#### INSTRUCTIONS TO FOLLOW
Among the entries below, find every line that has "thesis" and pull it out.

#### RECORDS FOR PROCESSING
----

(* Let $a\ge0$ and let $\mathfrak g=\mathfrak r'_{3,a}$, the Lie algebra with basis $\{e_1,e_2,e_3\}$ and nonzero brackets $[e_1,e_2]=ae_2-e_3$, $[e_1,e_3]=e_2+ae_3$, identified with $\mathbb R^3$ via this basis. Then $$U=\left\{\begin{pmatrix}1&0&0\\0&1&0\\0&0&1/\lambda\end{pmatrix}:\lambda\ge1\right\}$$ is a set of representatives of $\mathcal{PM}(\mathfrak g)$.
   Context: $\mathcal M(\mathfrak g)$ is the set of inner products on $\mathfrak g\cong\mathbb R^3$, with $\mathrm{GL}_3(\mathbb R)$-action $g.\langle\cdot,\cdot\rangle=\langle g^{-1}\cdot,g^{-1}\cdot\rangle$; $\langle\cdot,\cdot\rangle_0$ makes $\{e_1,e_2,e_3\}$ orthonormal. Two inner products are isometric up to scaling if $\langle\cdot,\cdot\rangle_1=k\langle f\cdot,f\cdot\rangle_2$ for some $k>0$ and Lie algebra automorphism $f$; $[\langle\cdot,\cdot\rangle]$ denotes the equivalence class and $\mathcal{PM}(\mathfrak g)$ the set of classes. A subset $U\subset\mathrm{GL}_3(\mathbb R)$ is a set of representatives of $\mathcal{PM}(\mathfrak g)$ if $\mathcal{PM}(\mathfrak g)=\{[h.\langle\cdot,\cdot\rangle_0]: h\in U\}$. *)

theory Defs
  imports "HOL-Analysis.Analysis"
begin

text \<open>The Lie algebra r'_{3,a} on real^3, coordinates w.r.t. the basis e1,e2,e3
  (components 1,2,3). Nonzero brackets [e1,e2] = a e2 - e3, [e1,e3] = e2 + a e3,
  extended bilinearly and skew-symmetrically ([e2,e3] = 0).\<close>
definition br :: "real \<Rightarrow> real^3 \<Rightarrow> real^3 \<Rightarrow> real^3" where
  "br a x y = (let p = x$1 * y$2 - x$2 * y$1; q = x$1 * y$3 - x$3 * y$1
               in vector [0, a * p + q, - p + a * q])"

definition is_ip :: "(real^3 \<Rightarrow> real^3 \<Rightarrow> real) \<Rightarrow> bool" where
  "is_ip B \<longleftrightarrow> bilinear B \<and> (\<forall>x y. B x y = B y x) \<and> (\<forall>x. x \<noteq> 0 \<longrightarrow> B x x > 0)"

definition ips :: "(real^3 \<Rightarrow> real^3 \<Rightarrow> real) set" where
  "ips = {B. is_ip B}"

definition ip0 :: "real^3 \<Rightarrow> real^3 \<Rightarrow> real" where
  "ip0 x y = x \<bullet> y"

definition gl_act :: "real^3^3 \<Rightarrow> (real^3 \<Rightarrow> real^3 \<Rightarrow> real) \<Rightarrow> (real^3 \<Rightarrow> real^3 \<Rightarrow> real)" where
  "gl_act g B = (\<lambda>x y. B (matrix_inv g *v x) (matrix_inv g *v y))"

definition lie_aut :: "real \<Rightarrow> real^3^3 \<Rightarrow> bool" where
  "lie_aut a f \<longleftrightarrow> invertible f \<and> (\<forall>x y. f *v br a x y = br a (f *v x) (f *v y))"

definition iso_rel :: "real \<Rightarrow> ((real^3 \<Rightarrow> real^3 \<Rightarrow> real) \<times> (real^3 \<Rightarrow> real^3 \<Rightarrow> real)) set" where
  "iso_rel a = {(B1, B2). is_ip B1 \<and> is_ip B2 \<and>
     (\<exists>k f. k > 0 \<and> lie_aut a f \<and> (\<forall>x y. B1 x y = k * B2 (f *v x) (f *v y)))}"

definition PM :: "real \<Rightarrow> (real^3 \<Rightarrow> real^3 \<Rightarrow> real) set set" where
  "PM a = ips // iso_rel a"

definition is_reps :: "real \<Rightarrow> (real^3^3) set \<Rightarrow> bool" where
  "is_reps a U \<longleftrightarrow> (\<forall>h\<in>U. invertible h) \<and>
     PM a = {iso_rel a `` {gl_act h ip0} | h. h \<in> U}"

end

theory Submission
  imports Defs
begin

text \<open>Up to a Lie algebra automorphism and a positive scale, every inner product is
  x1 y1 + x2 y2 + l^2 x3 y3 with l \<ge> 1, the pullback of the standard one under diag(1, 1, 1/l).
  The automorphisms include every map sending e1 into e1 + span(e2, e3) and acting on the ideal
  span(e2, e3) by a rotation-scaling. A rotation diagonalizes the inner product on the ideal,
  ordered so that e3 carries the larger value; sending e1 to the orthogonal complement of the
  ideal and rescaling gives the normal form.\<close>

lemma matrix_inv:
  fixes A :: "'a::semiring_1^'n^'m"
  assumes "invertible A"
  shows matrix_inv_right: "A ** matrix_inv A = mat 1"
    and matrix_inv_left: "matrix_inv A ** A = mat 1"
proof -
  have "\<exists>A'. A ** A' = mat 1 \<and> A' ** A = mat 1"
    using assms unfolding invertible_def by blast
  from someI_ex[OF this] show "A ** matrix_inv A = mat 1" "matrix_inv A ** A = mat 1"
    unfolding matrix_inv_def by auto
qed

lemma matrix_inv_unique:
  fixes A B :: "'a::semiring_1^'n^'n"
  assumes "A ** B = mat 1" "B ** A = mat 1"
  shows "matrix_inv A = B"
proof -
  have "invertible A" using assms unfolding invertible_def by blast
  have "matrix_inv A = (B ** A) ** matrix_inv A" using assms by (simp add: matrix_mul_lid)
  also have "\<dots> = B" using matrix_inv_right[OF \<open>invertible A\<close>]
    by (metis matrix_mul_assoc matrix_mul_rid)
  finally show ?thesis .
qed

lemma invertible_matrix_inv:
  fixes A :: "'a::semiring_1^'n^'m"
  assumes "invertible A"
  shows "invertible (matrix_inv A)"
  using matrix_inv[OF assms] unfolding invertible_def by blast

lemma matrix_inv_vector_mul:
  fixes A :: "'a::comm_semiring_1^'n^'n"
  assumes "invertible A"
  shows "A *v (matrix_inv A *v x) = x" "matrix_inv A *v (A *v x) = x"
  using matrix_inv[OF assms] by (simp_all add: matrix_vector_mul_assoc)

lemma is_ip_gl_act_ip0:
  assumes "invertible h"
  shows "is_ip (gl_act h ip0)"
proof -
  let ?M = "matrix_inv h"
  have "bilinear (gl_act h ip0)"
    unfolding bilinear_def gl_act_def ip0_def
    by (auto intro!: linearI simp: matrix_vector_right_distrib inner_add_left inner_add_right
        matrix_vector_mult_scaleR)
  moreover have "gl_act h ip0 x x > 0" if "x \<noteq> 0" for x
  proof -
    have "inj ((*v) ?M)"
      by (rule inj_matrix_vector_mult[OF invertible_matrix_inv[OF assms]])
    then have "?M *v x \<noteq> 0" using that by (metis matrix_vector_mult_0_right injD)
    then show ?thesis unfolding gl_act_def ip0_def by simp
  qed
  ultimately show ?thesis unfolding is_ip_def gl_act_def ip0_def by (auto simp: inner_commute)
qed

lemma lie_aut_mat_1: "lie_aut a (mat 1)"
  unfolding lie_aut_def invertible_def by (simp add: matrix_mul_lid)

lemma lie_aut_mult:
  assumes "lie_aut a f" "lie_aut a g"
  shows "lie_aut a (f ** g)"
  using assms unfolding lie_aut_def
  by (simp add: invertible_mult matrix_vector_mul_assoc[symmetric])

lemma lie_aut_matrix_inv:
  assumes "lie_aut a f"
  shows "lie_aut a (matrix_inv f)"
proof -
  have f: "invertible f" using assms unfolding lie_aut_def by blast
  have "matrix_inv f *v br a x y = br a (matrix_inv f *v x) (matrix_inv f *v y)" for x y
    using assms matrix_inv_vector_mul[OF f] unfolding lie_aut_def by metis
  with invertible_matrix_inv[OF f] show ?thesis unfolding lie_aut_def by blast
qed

----

#### COMPLETED EXERCISE
  finally show ?thesis .
    then show ?thesis unfolding gl_act_def ip0_def by simp
  ultimately show ?thesis unfolding is_ip_def gl_act_def ip0_def by (auto simp: inner_commute)
  with invertible_matrix_inv[OF f] show ?thesis unfolding lie_aut_def by blast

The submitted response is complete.